Twitter: @cafevega cfvmexico_sa@hotmail.com
La educación como acto de justicia
Noemí Juárez Pérez*
¿En qué momento decidimos ser maestras o maestros? ¿Cómo nuestra historia personal nos delinea hacia esta profesión?
Sabemos que las experiencias que tenemos cuando somos niñas o niños nos marcan, lo que vemos o escuchamos en nuestro primer círculo no se queda estático, nos acompaña a lo largo de la vida. Y, sin duda, unas de las primeras experiencias con las que nos encontramos, son los ejemplos de nuestras maestras y maestros que nos enseñan, acompañan y cuidan.
Por ende, no es casualidad que jugáramos a ser maestras o maestros con nuestros juguetes, con nuestros hermanos o hermanas pequeñas o, en mi caso, con mi abuela que no sabía leer ni escribir; y a quien dediqué muchas horas de mi infancia intentando enseñarle, mientras ella bordaba.
Eso es ser maestra, eso es ser maestro, lo que pareciera que comienza sólo como un juego; que aprendemos y vivimos en las escuelas, de repente lo empezamos a ejercer con nuestras amigas y amigos, porque a alguien se le dificultó comprender algún problema matemático o tal vez olvidó cómo se nombraba alguna planta o algún espacio y nosotros se lo compartimos, se lo explicamos.
Y eso nos da satisfacción: nos da gusto socializar lo que aprendimos y acompañar. Así empezamos a ser maestras y maestros: por la intención de ayudar al otro. Esta profesión es tan noble que surge por la preocupación por otras personas, nos debemos al otro, pensamos en otro yo.
Porque estoy segura que durante la infancia y adolescencia de quienes optaron esta profesión como forma de vida fueron las y los estudiantes que durante el receso compartieron sus desayunos, prestaron sus útiles, acompañaron al que no tenía con quién jugar, los que prestaron los cuadernos y libros o para el pasaje para el compañero (¿les suena familiar? Lo seguimos haciendo como docentes).
Y así, ser docente deja de ser un juego, deja de ser algo que imitamos o imaginamos y se va convirtiendo en realidad.
Como he compartido, quien decide trabajar y vivir como maestra o maestro, lo hace porque algo se sembró desde su infancia: sí, la vocación de compartir, de acompañar, pero más que nada de transformar.

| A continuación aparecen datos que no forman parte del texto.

(* Let $\mathcal H$ be the Hilbert space of $n$ qubits. Let $\mathsf H_0=\{|\Psi\rangle\langle\Psi| : |\Psi\rangle=|\phi\rangle\otimes|\psi\rangle,\ |\phi\rangle,|\psi\rangle\in\mathcal H\text{ unit vectors}\}$ and, for $\varepsilon\ge0$, $\mathsf H_1^{\varepsilon}=\{|\Psi\rangle\langle\Psi| : |\Psi\rangle\in\mathcal H^{\otimes2},\ \max_{|\phi\rangle,|\psi\rangle\in\mathcal H}F(|\Psi\rangle\langle\Psi|,|\phi\rangle\langle\phi|\otimes|\psi\rangle\langle\psi|)\le1-\varepsilon\}$. Then for every $0\le\varepsilon\le 1-2^{-n/2}$ and every POVM $\{M_0,M_1\}$ on $\mathcal H^{\otimes2}$, $$\sup_{\rho\in\mathsf H_0}\operatorname{tr}(M_1\rho)+\sup_{\rho\in\mathsf H_1^{\varepsilon}}\operatorname{tr}(M_0\rho)\ \ge\ 1,$$ i.e., no measurement distinguishes $\mathsf H_0$ from $\mathsf H_1^\varepsilon$ better than guessing at random.
   Context: The fidelity of density operators is $F(\rho,\sigma)=\operatorname{tr}\sqrt{\sqrt\rho\,\sigma\sqrt\rho}$; for pure states $F(|a\rangle\langle a|,|b\rangle\langle b|)=|\langle a|b\rangle|$. A POVM $\{M_0,M_1\}$ is a pair of positive semidefinite operators with $M_0+M_1=I$; outcome $i$ (meaning "the state is in the $i$th set") occurs with probability $\operatorname{tr}(M_i\rho)$. *)

theory Defs
  imports "Jordan_Normal_Form.Matrix" "Jordan_Normal_Form.Schur_Decomposition"
begin

definition qdim :: "nat \<Rightarrow> nat" where
  "qdim n = 2 ^ n"

definition unit_vec_in :: "nat \<Rightarrow> complex vec \<Rightarrow> bool" where
  "unit_vec_in d v \<longleftrightarrow> v \<in> carrier_vec d \<and> v \<bullet>c v = 1"

(* tensor product of vectors: C^d (x) C^e = C^(d*e), index (i,j) |-> i*e + j *)
definition tensor_vec :: "complex vec \<Rightarrow> complex vec \<Rightarrow> complex vec" where
  "tensor_vec a b = vec (dim_vec a * dim_vec b)
      (\<lambda>k. a $ (k div dim_vec b) * b $ (k mod dim_vec b))"

definition tensor_mat :: "complex mat \<Rightarrow> complex mat \<Rightarrow> complex mat" where
  "tensor_mat A B = mat (dim_row A * dim_row B) (dim_col A * dim_col B)
      (\<lambda>(i,j). A $$ (i div dim_row B, j div dim_col B) * B $$ (i mod dim_row B, j mod dim_col B))"

definition proj :: "complex vec \<Rightarrow> complex mat" where
  "proj v = mat (dim_vec v) (dim_vec v) (\<lambda>(i,j). v $ i * cnj (v $ j))"

definition mtrace :: "complex mat \<Rightarrow> complex" where
  "mtrace A = (\<Sum>i<dim_row A. A $$ (i,i))"

definition psd :: "nat \<Rightarrow> complex mat \<Rightarrow> bool" where
  "psd d M \<longleftrightarrow> M \<in> carrier_mat d d \<and> mat_adjoint M = M \<and>
     (\<forall>v \<in> carrier_vec d. Im ((M *\<^sub>v v) \<bullet>c v) = 0 \<and> Re ((M *\<^sub>v v) \<bullet>c v) \<ge> 0)"

definition povm2 :: "nat \<Rightarrow> complex mat \<Rightarrow> complex mat \<Rightarrow> bool" where
  "povm2 d M0 M1 \<longleftrightarrow> psd d M0 \<and> psd d M1 \<and> M0 + M1 = 1\<^sub>m d"

(* probability of outcome M on state rho: tr(M rho) (real for psd M and density rho) *)
definition prob :: "complex mat \<Rightarrow> complex mat \<Rightarrow> real" where
  "prob M \<rho> = Re (mtrace (M * \<rho>))"

(* fidelity of pure states: F(|a><a|,|b><b|) = |<a|b>| *)
definition pure_fidelity :: "complex vec \<Rightarrow> complex vec \<Rightarrow> real" where
  "pure_fidelity a b = cmod (b \<bullet>c a)"

definition H0 :: "nat \<Rightarrow> complex mat set" where
  "H0 n = {proj (tensor_vec \<phi> \<psi>) | \<phi> \<psi>. unit_vec_in (qdim n) \<phi> \<and> unit_vec_in (qdim n) \<psi>}"

(* max over unit phi, psi of F(|Psi><Psi|, |phi><phi| (x) |psi><psi|);
   note |phi><phi| (x) |psi><psi| = |phi (x) psi><phi (x) psi| *)
definition max_prod_fidelity :: "nat \<Rightarrow> complex vec \<Rightarrow> real" where
  "max_prod_fidelity n \<Psi> = Sup {pure_fidelity \<Psi> (tensor_vec \<phi> \<psi>) | \<phi> \<psi>.
       unit_vec_in (qdim n) \<phi> \<and> unit_vec_in (qdim n) \<psi>}"

definition H1 :: "nat \<Rightarrow> real \<Rightarrow> complex mat set" where
  "H1 n \<epsilon> = {proj \<Psi> | \<Psi>. unit_vec_in (qdim n * qdim n) \<Psi> \<and>
       max_prod_fidelity n \<Psi> \<le> 1 - \<epsilon>}"

end

theory Submission
  imports Defs
begin

(* With d = 2^n, the basis product states |i>|i> lie in H_0, so each diagonal entry
   <ii|M_0|ii> is at least 1 - A, where A is the first supremum. A state
   Psi = d^(-1/2) sum_i s_i |i>|i> with signs s_i = +-1 has overlap at most 1/sqrt d = 2^(-n/2)
   with every product state, hence lies in H_1^eps. Averaged over all sign vectors,
   <Psi|M_0|Psi> equals (1/d) sum_i <ii|M_0|ii> >= 1 - A, so some choice of signs
   (found greedily) gives a state of H_1^eps with tr(M_0 Psi) >= 1 - A. *)

lemma pair_index_less:
  fixes i j a b :: nat
  assumes "i < a" "j < b"
  shows "i*b + j < a*b"
proof -
  have "i*b + j < (i+1)*b" using assms(2) by simp
  also have "\<dots> \<le> a*b" using assms(1) by (intro mult_right_mono) auto
  finally show ?thesis .
qed

lemma pair_index_div_mod: "j < b \<Longrightarrow> (i*b+j) div b = (i::nat)" "j < b \<Longrightarrow> (i*b+j) mod b = j"
  by simp_all

lemma sum_lessThan_mult_pairs:
  fixes f :: "nat \<Rightarrow> 'a::comm_monoid_add"
  shows "(\<Sum>k<a*b. f k) = (\<Sum>i<a. \<Sum>j<b. f (i*b+j))"
proof -
  have "(\<Sum>k<a*b. f k) = (\<Sum>i<a. sum f {i*b..<i*b+b})"
    by (rule sum.nat_group[symmetric])
  also have "\<dots> = (\<Sum>i<a. \<Sum>j<b. f (i*b+j))"
    by (simp add: sum.atLeastLessThan_shift_0 atLeast0LessThan)
  finally show ?thesis .
qed

lemma sum_lessThan_square_diag:
  fixes f :: "nat \<Rightarrow> 'a::comm_monoid_add"
  assumes "\<And>i j. i < d \<Longrightarrow> j < d \<Longrightarrow> i \<noteq> j \<Longrightarrow> f (i*d+j) = 0"
  shows "(\<Sum>k<d*d. f k) = (\<Sum>i<d. f (i*d+i))"
  unfolding sum_lessThan_mult_pairs
  by (intro sum.cong refl) (use assms in \<open>auto intro: sum.neutral simp: sum.remove\<close>)

(* diag_vec d a is the vector sum_i a i |i>|i>, indexed as in tensor_vec. *)
definition diag_vec :: "nat \<Rightarrow> (nat \<Rightarrow> complex) \<Rightarrow> complex vec" where
  "diag_vec d a = vec (d*d) (\<lambda>k. if k div d = k mod d then a (k div d) else 0)"

lemma diag_vec_carrier [simp]:
  "diag_vec d a \<in> carrier_vec (d*d)" "dim_vec (diag_vec d a) = d*d"
  by (simp_all add: diag_vec_def)

lemma index_diag_vec_pair:
  "i < d \<Longrightarrow> j < d \<Longrightarrow> diag_vec d a $ (i*d+j) = (if i = j then a i else 0)"
  by (simp add: diag_vec_def pair_index_less)

lemma scalar_prod_diag_vec:
  assumes "v \<in> carrier_vec (d*d)"
  shows "v \<bullet> diag_vec d a = (\<Sum>i<d. v $ (i*d+i) * a i)"
  using assms unfolding scalar_prod_def
  by (simp add: atLeast0LessThan sum_lessThan_square_diag index_diag_vec_pair)

lemma cscalar_prod_diag_vec:
  assumes "v \<in> carrier_vec (d*d)"
  shows "v \<bullet>c diag_vec d a = (\<Sum>i<d. v $ (i*d+i) * cnj (a i))"
  using assms unfolding scalar_prod_def
  by (simp add: atLeast0LessThan sum_lessThan_square_diag index_diag_vec_pair)

lemma quadratic_form_diag_vec:
  assumes "M \<in> carrier_mat (d*d) (d*d)"
  shows "(M *\<^sub>v diag_vec d a) \<bullet>c diag_vec d a =
    (\<Sum>i<d. \<Sum>j<d. M $$ (i*d+i, j*d+j) * a j * cnj (a i))"
proof -
  have "(M *\<^sub>v diag_vec d a) $ (i*d+i) = (\<Sum>j<d. M $$ (i*d+i, j*d+j) * a j)" if "i < d" for i
    using assms that pair_index_less[OF that that]
    by (simp add: scalar_prod_diag_vec[OF row_carrier_vec[OF _ assms]] pair_index_less)
  then show ?thesis
    using assms by (simp add: cscalar_prod_diag_vec sum_distrib_right)
qed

Transformar porque hubo hechos con los que no estuvimos conformes; que mi abuela no supiera leer ni escribir, y mi madre sólo pudiera cursar estudios primarios por falta de oportunidades, me indignó. Por ello, cuando pensamos en la educación, la pensamos como un acto de justicia.
Bien lo dijo la presidenta Claudia Sheinbaum el pasado 15 de mayo al reconocer y agradecer que a su hija e hijo los formaron sus maestros, así como a todas y todos los buenos ciudadanos y al gran pueblo de México que se ha formado gracias al magisterio nacional.
Así, otro acto de justicia es reconocer esta vocación, porque sí, hubo una época en que se acusó al magisterio por la supuesta mala educación que había en el país, pero eso ha quedo atrás, porque hoy reconocemos la enorme deuda que históricamente se tiene con las y los maestros, sin ellos no habría transformación.
No son palabras huecas las de nuestra Presidenta: todo lo que se pueda hacer por las y los maestros de México, lo vamos a hacer, por agradecimiento permanente a ustedes, por justicia. Las maestras y los maestros resistimos y somos protagonistas de transformaciones, porque sin educación no hay transformación.